Task description:
Could you reproduce the lines below from the one with "x \<noteq> Var" through the one with "scomp \<theta> \<theta>"? Keep both ends and add nothing.

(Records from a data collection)
*** Block opens ***
(* Let $S$ be a specialisation independent scheduling rule, $G$ and $X$ p-goals, $\gamma$ a substitution and $\underline\tau$ a shifting such that $G\gamma\underline{\tau}+X$ is defined. Suppose there are p-SLD derivations $G\xrightarrow{S,E}Q$ (1) and $G\gamma\underline{\tau}+X\xrightarrow{S,D}R$ (2) via $S$ with $D/(G\gamma\underline{\tau})=E$. Then there exist a substitution $\sigma$ and a shifting $\underline{\rho}$ such that $R/(G\gamma\underline{\tau})=Q\sigma\underline{\rho}$; moreover, $\sigma$ is a renaming if $\gamma$ is a renaming and $D/X$ is empty.
   Context: A p-atom is a pair $a[p]$ of an atom $a$ and a rational priority $p$. A p-goal is a finite set of p-atoms with pairwise distinct priorities, regarded as a list ordered by increasing priority. Substitutions act on atoms and leave priorities unchanged. A clause is $h\leftarrow B$ with $h$ an atom and $B$ a p-goal. For p-goals with no common priority, $F+G=F\cup G$ (merging); $F|G$ denotes $F+G$ when all priorities of $F$ are smaller than those of $G$. A shifting $\underline{\pi}$ is a strictly increasing bijection $\mathbb{Q}\to\mathbb{Q}$ acting on priorities ($G\underline\pi$). Priority derivation step: for a p-goal $a|F$ ($a$ of least priority), clause $c=(h\leftarrow B)$, renaming $\xi$ with $var(a|F)\cap var(c\xi)=\emptyset$, idempotent relevant mgu $\theta$ of $a$ and $h\xi$, and shifting $\underline{\pi}$ with $F$, $B\xi\underline{\pi}$ sharing no priority: $a|F\xrightarrow{c\xi,\theta}(F+B\xi\underline{\pi})\theta$. A p-SLD derivation is a sequence of such steps with each renamed clause $c_j\xi_j$ variable-disjoint from the initial goal and all earlier renamed clauses; its template is the sequence of applied clauses. Specialisation/lowering: for $c=(h\leftarrow B)$, a step $a\lambda\underline{\sigma}|(K\lambda\underline{\sigma}+X)\xrightarrow{c}(X+K\lambda\underline{\sigma}+B\xi''\underline{\theta}'')\alpha''$ is a lowering by $X$ of a step $a|K\xrightarrow{c}(K+B\xi'\underline{\theta}')\alpha'$ ($\lambda$ a substitution, $\underline\sigma$ a shifting); it is a congruent lowering by $X$ if some shifting $\underline{\rho}$ has $K\underline{\rho}=K\underline{\sigma}$ and $B\underline{\theta}'\underline{\rho}=B\underline{\theta}''$. Steps are (congruent) lowerings of each other if each is a (congruent) lowering of the other. A set $S$ of steps is complete if (i) whenever some step $G\xrightarrow{c}\cdot$ exists, some step $G\xrightarrow{c}\cdot$ lies in $S$, and (ii) $S$ contains every step that is a congruent lowering of each other with a step of $S$. $S$ is specialisation independent if whenever $Ds_1,Ds_2\in S$ and $Ds_2$ is a lowering of $Ds_1$ by $X$, $Ds_2$ is a congruent lowering of $Ds_1$ by $X$. A specialisation independent scheduling rule is a complete specialisation independent set of steps. $G\xrightarrow{S,M}R$ denotes a p-SLD derivation with template $M$ all of whose steps lie in $S$. Sub-resolvents and sub-templates: for a step $a|(F+G)\xrightarrow{c}Q=((F+G)+B\xi\underline{\pi})\alpha$, set $Q/a=B\xi\underline{\pi}\alpha$, $Q/F=F\alpha$, $Q/(a|F)=Q/a+Q/F$, $c/a=c$, $c/F=$ empty, $c/(a|F)=c$. For a derivation $F+G\xrightarrow{c}Q\xrightarrow{K}R$, recursively $R/F=R/(Q/F)$ and $(c|K)/F=(c/F)|(K/(Q/F))$ (for the empty derivation, $R/F=F$ and the sub-template is empty). Thus $R/F$ is the set of p-atoms of $R$ descending from $F$ and $D/F$ is the subsequence of the template $D$ of clauses applied to p-atoms descending from $F$. *)

theory Defs
  imports Complex_Main
begin

datatype ('f,'v) trm = Var 'v | Fn 'f "('f,'v) trm list"

datatype ('f,'v) atom = Atom 'f "('f,'v) trm list"

type_synonym ('f,'v) subst = "'v \<Rightarrow> ('f,'v) trm"

fun subst_t :: "('f,'v) subst \<Rightarrow> ('f,'v) trm \<Rightarrow> ('f,'v) trm" where
  "subst_t \<sigma> (Var x) = \<sigma> x"
| "subst_t \<sigma> (Fn f ts) = Fn f (map (subst_t \<sigma>) ts)"

fun subst_a :: "('f,'v) subst \<Rightarrow> ('f,'v) atom \<Rightarrow> ('f,'v) atom" where
  "subst_a \<sigma> (Atom p ts) = Atom p (map (subst_t \<sigma>) ts)"

fun vars_t :: "('f,'v) trm \<Rightarrow> 'v set" where
  "vars_t (Var x) = {x}"
| "vars_t (Fn f ts) = \<Union> (set (map vars_t ts))"

fun vars_a :: "('f,'v) atom \<Rightarrow> 'v set" where
  "vars_a (Atom p ts) = \<Union> (set (map vars_t ts))"

text \<open>Composition: first \<sigma>, then \<theta> (so that t(\<sigma>\<theta>) = (t\<sigma>)\<theta>).\<close>
definition scomp :: "('f,'v) subst \<Rightarrow> ('f,'v) subst \<Rightarrow> ('f,'v) subst" where
  "scomp \<sigma> \<theta> = (\<lambda>x. subst_t \<theta> (\<sigma> x))"

definition sdom :: "('f,'v) subst \<Rightarrow> 'v set" where
  "sdom \<sigma> = {x. \<sigma> x \<noteq> Var x}"

definition svran :: "('f,'v) subst \<Rightarrow> 'v set" where
  "svran \<sigma> = (\<Union>x\<in>sdom \<sigma>. vars_t (\<sigma> x))"

definition renaming :: "('f,'v) subst \<Rightarrow> bool" where
  "renaming \<sigma> \<longleftrightarrow> (\<exists>f. bij f \<and> \<sigma> = (\<lambda>x. Var (f x)))"

definition unifier :: "('f,'v) subst \<Rightarrow> ('f,'v) atom \<Rightarrow> ('f,'v) atom \<Rightarrow> bool" where
  "unifier \<theta> a b \<longleftrightarrow> subst_a \<theta> a = subst_a \<theta> b"

definition is_mgu :: "('f,'v) subst \<Rightarrow> ('f,'v) atom \<Rightarrow> ('f,'v) atom \<Rightarrow> bool" where
  "is_mgu \<theta> a b \<longleftrightarrow> unifier \<theta> a b \<and>
     (\<forall>u. unifier u a b \<longrightarrow> (\<exists>\<delta>. u = scomp \<theta> \<delta>))"

definition idempotent :: "('f,'v) subst \<Rightarrow> bool" where
  "idempotent \<theta> \<longleftrightarrow> scomp \<theta> \<theta> = \<theta>"

definition relevant_mgu :: "('f,'v) subst \<Rightarrow> ('f,'v) atom \<Rightarrow> ('f,'v) atom \<Rightarrow> bool" where
  "relevant_mgu \<theta> a b \<longleftrightarrow> is_mgu \<theta> a b \<and> sdom \<theta> \<union> svran \<theta> \<subseteq> vars_a a \<union> vars_a b"

type_synonym ('f,'v) patom = "('f,'v) atom \<times> rat"
type_synonym ('f,'v) pgoal = "('f,'v) patom set"

definition prios :: "('f,'v) pgoal \<Rightarrow> rat set" where
  "prios G = snd ` G"

definition pgoal :: "('f,'v) pgoal \<Rightarrow> bool" where
  "pgoal G \<longleftrightarrow> finite G \<and> inj_on snd G"

definition gsubst :: "('f,'v) pgoal \<Rightarrow> ('f,'v) subst \<Rightarrow> ('f,'v) pgoal" (infixl "\<cdot>\<^sub>s" 70) where
  "G \<cdot>\<^sub>s \<sigma> = (\<lambda>(a,p). (subst_a \<sigma> a, p)) ` G"

definition gshift :: "('f,'v) pgoal \<Rightarrow> (rat \<Rightarrow> rat) \<Rightarrow> ('f,'v) pgoal" (infixl "\<cdot>\<^sub>p" 70) where
  "G \<cdot>\<^sub>p \<pi> = (\<lambda>(a,p). (a, \<pi> p)) ` G"

definition shifting :: "(rat \<Rightarrow> rat) \<Rightarrow> bool" where
  "shifting \<pi> \<longleftrightarrow> strict_mono \<pi> \<and> bij \<pi>"

definition vars_g :: "('f,'v) pgoal \<Rightarrow> 'v set" where
  "vars_g G = (\<Union>x\<in>G. vars_a (fst x))"

definition sel :: "('f,'v) pgoal \<Rightarrow> ('f,'v) patom" where
  "sel G = (THE x. x \<in> G \<and> (\<forall>y\<in>G. y \<noteq> x \<longrightarrow> snd x < snd y))"

text \<open>A clause h \<leftarrow> B: head atom and body p-goal.\<close>
type_synonym ('f,'v) clause = "('f,'v) atom \<times> ('f,'v) pgoal"

definition csubst :: "('f,'v) clause \<Rightarrow> ('f,'v) subst \<Rightarrow> ('f,'v) clause" where
  "csubst c \<xi> = (subst_a \<xi> (fst c), snd c \<cdot>\<^sub>s \<xi>)"

definition vars_c :: "('f,'v) clause \<Rightarrow> 'v set" where
  "vars_c c = vars_a (fst c) \<union> vars_g (snd c)"

text \<open>A step  G --(c\<xi>,\<theta>)--> (F + B\<xi>\<pi>)\<theta>  is recorded by its data
  (goal G, clause c, renaming \<xi>, mgu \<theta>, shifting \<pi>).\<close>
record ('f,'v) step =
  sgoal :: "('f,'v) pgoal"
  sclause :: "('f,'v) clause"
  sren :: "('f,'v) subst"
  smgu :: "('f,'v) subst"
  sshift :: "rat \<Rightarrow> rat"

definition valid_step :: "('f,'v) step \<Rightarrow> bool" where
  "valid_step s \<longleftrightarrow>
     (let G = sgoal s; c = sclause s; \<xi> = sren s; \<theta> = smgu s; \<pi> = sshift s in
      pgoal G \<and> G \<noteq> {} \<and> pgoal (snd c) \<and> renaming \<xi> \<and>
      vars_g G \<inter> vars_c (csubst c \<xi>) = {} \<and>
      idempotent \<theta> \<and> relevant_mgu \<theta> (fst (sel G)) (subst_a \<xi> (fst c)) \<and>
      shifting \<pi> \<and> prios (G - {sel G}) \<inter> prios (snd c \<cdot>\<^sub>s \<xi> \<cdot>\<^sub>p \<pi>) = {})"

definition result :: "('f,'v) step \<Rightarrow> ('f,'v) pgoal" where
  "result s = ((sgoal s - {sel (sgoal s)}) \<union> (snd (sclause s) \<cdot>\<^sub>s sren s \<cdot>\<^sub>p sshift s)) \<cdot>\<^sub>s smgu s"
*** Block closes ***
Answer space:
  "sdom \<sigma> = {x. \<sigma> x \<noteq> Var x}"

definition svran :: "('f,'v) subst \<Rightarrow> 'v set" where
  "svran \<sigma> = (\<Union>x\<in>sdom \<sigma>. vars_t (\<sigma> x))"

definition renaming :: "('f,'v) subst \<Rightarrow> bool" where
  "renaming \<sigma> \<longleftrightarrow> (\<exists>f. bij f \<and> \<sigma> = (\<lambda>x. Var (f x)))"

definition unifier :: "('f,'v) subst \<Rightarrow> ('f,'v) atom \<Rightarrow> ('f,'v) atom \<Rightarrow> bool" where
  "unifier \<theta> a b \<longleftrightarrow> subst_a \<theta> a = subst_a \<theta> b"

definition is_mgu :: "('f,'v) subst \<Rightarrow> ('f,'v) atom \<Rightarrow> ('f,'v) atom \<Rightarrow> bool" where
  "is_mgu \<theta> a b \<longleftrightarrow> unifier \<theta> a b \<and>
     (\<forall>u. unifier u a b \<longrightarrow> (\<exists>\<delta>. u = scomp \<theta> \<delta>))"

definition idempotent :: "('f,'v) subst \<Rightarrow> bool" where
  "idempotent \<theta> \<longleftrightarrow> scomp \<theta> \<theta> = \<theta>"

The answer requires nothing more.